For one thing, in a standard train/dev/test setup, the model is arguably not really doing prediction, it’s doing retrodiction. It’s making ‘predictions’ about things which already happened in the past. The final model is chosen based on what retrodicts the data the best.
Yes, this is a reasonable description to my eyes. Moreover, I actually think it maps fairly well to the above description of how a QFT-style model might be trained to predict the next token of some body of text; in your terms, this is possible specifically because the text already exists, and retrodictions of that text can be graded based on how well they compare against the ground truth.
Also, usually the data is IID rather than sequential—there’s no time component to the data points (unless it’s a time-series problem, which it usually isn’t).
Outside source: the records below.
definition verts :: "graph \<Rightarrow> nat set" where
  "verts G = \<Union>G"

definition graph_iso :: "(nat \<Rightarrow> nat) \<Rightarrow> graph \<Rightarrow> graph \<Rightarrow> bool" where
  "graph_iso \<phi> G H \<longleftrightarrow> bij_betw \<phi> (verts G) (verts H) \<and>
     (\<forall>u\<in>verts G. \<forall>v\<in>verts G. {u, v} \<in> G \<longleftrightarrow> {\<phi> u, \<phi> v} \<in> H)"

definition matroid :: "'a set \<Rightarrow> 'a set set \<Rightarrow> bool" where
  "matroid E Ind \<longleftrightarrow> finite E \<and> (\<forall>I\<in>Ind. I \<subseteq> E) \<and> {} \<in> Ind \<and>
     (\<forall>I J. J \<in> Ind \<longrightarrow> I \<subseteq> J \<longrightarrow> I \<in> Ind) \<and>
     (\<forall>I J. I \<in> Ind \<longrightarrow> J \<in> Ind \<longrightarrow> card I < card J \<longrightarrow> (\<exists>x\<in>J - I. insert x I \<in> Ind))"

definition matroid_iso :: "('a \<Rightarrow> 'b) \<Rightarrow> 'a set \<Rightarrow> 'a set set \<Rightarrow> 'b set \<Rightarrow> 'b set set \<Rightarrow> bool" where
  "matroid_iso \<psi> E1 Ind1 E2 Ind2 \<longleftrightarrow> bij_betw \<psi> E1 E2 \<and>
     (\<forall>I. I \<subseteq> E1 \<longrightarrow> (I \<in> Ind1 \<longleftrightarrow> \<psi> ` I \<in> Ind2))"

definition circuit :: "'a set \<Rightarrow> 'a set set \<Rightarrow> 'a set \<Rightarrow> bool" where
  "circuit E Ind C \<longleftrightarrow> C \<subseteq> E \<and> C \<notin> Ind \<and> (\<forall>D. D \<subset> C \<longrightarrow> D \<in> Ind)"

definition bridge :: "'a set \<Rightarrow> 'a set set \<Rightarrow> 'a \<Rightarrow> bool" where
  "bridge E Ind e \<longleftrightarrow> e \<in> E \<and> \<not> (\<exists>C. circuit E Ind C \<and> e \<in> C)"

definition bridgeless :: "'a set \<Rightarrow> 'a set set \<Rightarrow> bool" where
  "bridgeless E Ind \<longleftrightarrow> (\<forall>e\<in>E. \<not> bridge E Ind e)"

definition graph_matroid_family :: "(graph \<Rightarrow> nat set set set) \<Rightarrow> bool" where
  "graph_matroid_family M \<longleftrightarrow>
     (\<forall>G. is_graph G \<longrightarrow> matroid G (M G)) \<and>
     (\<forall>G H \<phi>. is_graph G \<longrightarrow> is_graph H \<longrightarrow> graph_iso \<phi> G H \<longrightarrow>
        matroid_iso (\<lambda>e. \<phi> ` e) G (M G) H (M H)) \<and>
     (\<forall>G H. is_graph G \<longrightarrow> H \<subseteq> G \<longrightarrow> M H = {I \<in> M G. I \<subseteq> H})"

definition complete_graph :: "nat \<Rightarrow> graph" where
  "complete_graph n = {{i, j} | i j. i < j \<and> j < n}"

definition matroid_rank :: "'a set set \<Rightarrow> nat" where
  "matroid_rank Ind = Max (card ` Ind)"

definition unbounded_family :: "(graph \<Rightarrow> nat set set set) \<Rightarrow> bool" where
  "unbounded_family M \<longleftrightarrow> (\<forall>k. \<exists>n. matroid_rank (M (complete_graph n)) \<ge> k)"

definition reconstructible :: "(graph \<Rightarrow> nat set set set) \<Rightarrow> graph \<Rightarrow> bool" where
  "reconstructible M G \<longleftrightarrow>
     (\<forall>H \<psi>. is_graph H \<longrightarrow> matroid_iso \<psi> G (M G) H (M H) \<longrightarrow>
        (\<exists>\<phi>. graph_iso \<phi> G H \<and> (\<forall>u v. {u, v} \<in> G \<longrightarrow> \<psi> {u, v} = {\<phi> u, \<phi> v})))"

end

theory Submission
  imports Defs "HOL-Combinatorics.Transposition"
begin

text \<open>Suppose the edge e of G is a bridge, i.e.\ a coloop of \<open>\<M>(G)\<close>, and let G' = G - e.
Because \<open>\<M>\<close> is unbounded, some edge f outside G' raises the rank of G' and is therefore a coloop
of \<open>\<M>(G' + f)\<close>; moreover f can be chosen either vertex-disjoint from G or meeting G'.
Exchanging the coloops e and f is then an isomorphism \<open>\<M>(G) \<cong> \<M>(G' + f)\<close> fixing G',
so reconstructibility yields a vertex bijection fixing every edge of G' and sending e to f.
Such a bijection preserves whether an edge meets G', which fails for the suitable choice of f.
G' must be nonempty for the second choice, hence the hypothesis of two edges.\<close>

subsection \<open>Matroids\<close>

lemma matroid_indep_subset: "matroid E Ind \<Longrightarrow> I \<in> Ind \<Longrightarrow> I \<subseteq> E"
  unfolding matroid_def by blast

lemma matroid_indep_mono: "matroid E Ind \<Longrightarrow> J \<in> Ind \<Longrightarrow> I \<subseteq> J \<Longrightarrow> I \<in> Ind"
  unfolding matroid_def by blast

lemma matroid_empty_indep: "matroid E Ind \<Longrightarrow> {} \<in> Ind"
  unfolding matroid_def by blast

lemma matroid_augment:
  "matroid E Ind \<Longrightarrow> I \<in> Ind \<Longrightarrow> J \<in> Ind \<Longrightarrow> card I < card J \<Longrightarrow> \<exists>x\<in>J - I. insert x I \<in> Ind"
  unfolding matroid_def by blast

lemma matroid_finite_indep: "matroid E Ind \<Longrightarrow> I \<in> Ind \<Longrightarrow> finite I"
  unfolding matroid_def by (meson finite_subset)

lemma matroid_finite_Ind: "matroid E Ind \<Longrightarrow> finite Ind"
  unfolding matroid_def by (meson Pow_iff finite_Pow_iff finite_subset subsetI)

definition max_card_indep :: "'a set set \<Rightarrow> 'a set \<Rightarrow> bool" where
  "max_card_indep Ind B \<longleftrightarrow> B \<in> Ind \<and> (\<forall>I\<in>Ind. card I \<le> card B)"

lemma matroid_max_card_indep:
  assumes "matroid E Ind" "max_card_indep Ind B"
  shows "B \<in> Ind" "B \<subseteq> E" "finite B"
  using assms(2) matroid_indep_subset[OF assms(1)] matroid_finite_indep[OF assms(1)]
  unfolding max_card_indep_def by blast+

lemma ex_max_card_indep:
  assumes "finite Ind" "X \<in> Ind"
  shows "\<exists>B. max_card_indep Ind B"
proof -
  have "Max (card ` Ind) \<in> card ` Ind"
    using assms by (intro Max_in) auto
  then obtain B where "B \<in> Ind" "card B = Max (card ` Ind)"
    by auto
  then show ?thesis
    using assms(1) unfolding max_card_indep_def by auto
qed

definition coloop :: "'a set set \<Rightarrow> 'a \<Rightarrow> bool" where
  "coloop Ind e \<longleftrightarrow> (\<forall>J\<in>Ind. insert e J \<in> Ind)"

text \<open>A minimal dependent subset of \<open>J + e\<close> would be a circuit through e.\<close>

lemma bridge_imp_coloop:
  assumes mat: "matroid E Ind" and br: "bridge E Ind e"
  shows "coloop Ind e"
  unfolding coloop_def
proof (intro ballI, rule ccontr)
  fix J assume J: "J \<in> Ind" and dep: "insert e J \<notin> Ind"
  define Dep where "Dep = (\<lambda>C. C \<subseteq> insert e J \<and> C \<notin> Ind)"
  obtain C where C: "C \<subseteq> insert e J" "C \<notin> Ind" and C_min: "\<And>D. Dep D \<Longrightarrow> card C \<le> card D"
    using ex_has_least_nat[of Dep "insert e J" card] dep unfolding Dep_def by blast
  have eJ_sub: "insert e J \<subseteq> E"
    using br matroid_indep_subset[OF mat J] unfolding bridge_def by blast
  have finite_C: "finite C"
    using C(1) matroid_finite_indep[OF mat J] finite_subset by blast
  have "D \<in> Ind" if "D \<subset> C" for D
  proof (rule ccontr)
    assume "D \<notin> Ind"
    then have "card C \<le> card D"
      using C_min that C(1) unfolding Dep_def by blast
    then show False
      using psubset_card_mono[OF finite_C that] by simp
  qed
  then have "circuit E Ind C"
    using C eJ_sub unfolding circuit_def by blast
  moreover have "e \<in> C"
  proof (rule ccontr)
    assume "e \<notin> C"
    then have "C \<subseteq> J"
      using C(1) by blast
    then show False
      using C(2) matroid_indep_mono[OF mat J] by blast
  qed
  ultimately show False
    using br unfolding bridge_def by blast
qed

text \<open>Extend J to a largest independent \<open>B' \<subseteq> E\<close>; as \<open>|B'| \<le> |B| < |B + f|\<close>,
augmenting B' from \<open>B + f\<close> can only add f.\<close>

lemma coloop_if_extends_max_card_indep:
  assumes mat: "matroid (insert f E) Ind" and f: "f \<notin> E"
    and B: "max_card_indep {I \<in> Ind. I \<subseteq> E} B" and fB: "insert f B \<in> Ind"
  shows "coloop Ind f"
  unfolding coloop_def
proof
  fix J assume "J \<in> Ind"
  define J' where "J' = J - {f}"
  have J': "J' \<in> Ind" "J' \<subseteq> E"
    using matroid_indep_mono[OF mat \<open>J \<in> Ind\<close>] matroid_indep_subset[OF mat \<open>J \<in> Ind\<close>]
    unfolding J'_def by auto
  define Ext where "Ext = {I \<in> Ind. J' \<subseteq> I \<and> I \<subseteq> E}"
  obtain B' where B': "max_card_indep Ext B'"
    using ex_max_card_indep[of Ext J'] matroid_finite_Ind[OF mat] J' unfolding Ext_def by auto
  have B'_props: "B' \<in> Ind" "J' \<subseteq> B'" "B' \<subseteq> E" "finite B'"
    using B' matroid_finite_indep[OF mat] unfolding max_card_indep_def Ext_def by auto
  have "card B' \<le> card B"
    using B B'_props unfolding max_card_indep_def by auto
  also have "card B < card (insert f B)"
  proof -
    have "finite B" "f \<notin> B"
      using B f matroid_finite_indep[OF mat] unfolding max_card_indep_def by auto
    then show ?thesis by simp
  qed
  finally obtain y where y: "y \<in> insert f B - B'" "insert y B' \<in> Ind"
    using matroid_augment[OF mat B'_props(1) fB] by blast
  have "y = f"
  proof (rule ccontr)
    assume "y \<noteq> f"
    then have "insert y B' \<in> Ext"
      using y B B'_props unfolding Ext_def max_card_indep_def by auto
    then show False
      using B' y B'_props(4) unfolding max_card_indep_def by auto
  qed
  then have "insert f J \<subseteq> insert y B'"
    using B'_props(2) unfolding J'_def by blast
  then show "insert f J \<in> Ind"
    using matroid_indep_mono[OF mat y(2)] by blast
qed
This, on the other hand, doesn’t sound right to me. Yes, there are certainly applications where the training regime produces IID data, but next-token prediction is pretty clearly not one of those? Later tokens are highly conditionally dependent on previous tokens, in a way that’s much closer to a time series than to some kind of IID process. Possibly part of the disconnect is that we’re imagining different applications entirely—which might also explain our differing intuitions w.r.t. deployment?
The fact that we’re choosing a model which retrodicts well is why the presence/absence of a human is generally assumed to be irrelevant, and emphasizing this factor sounds wacky to my ML engineer ears.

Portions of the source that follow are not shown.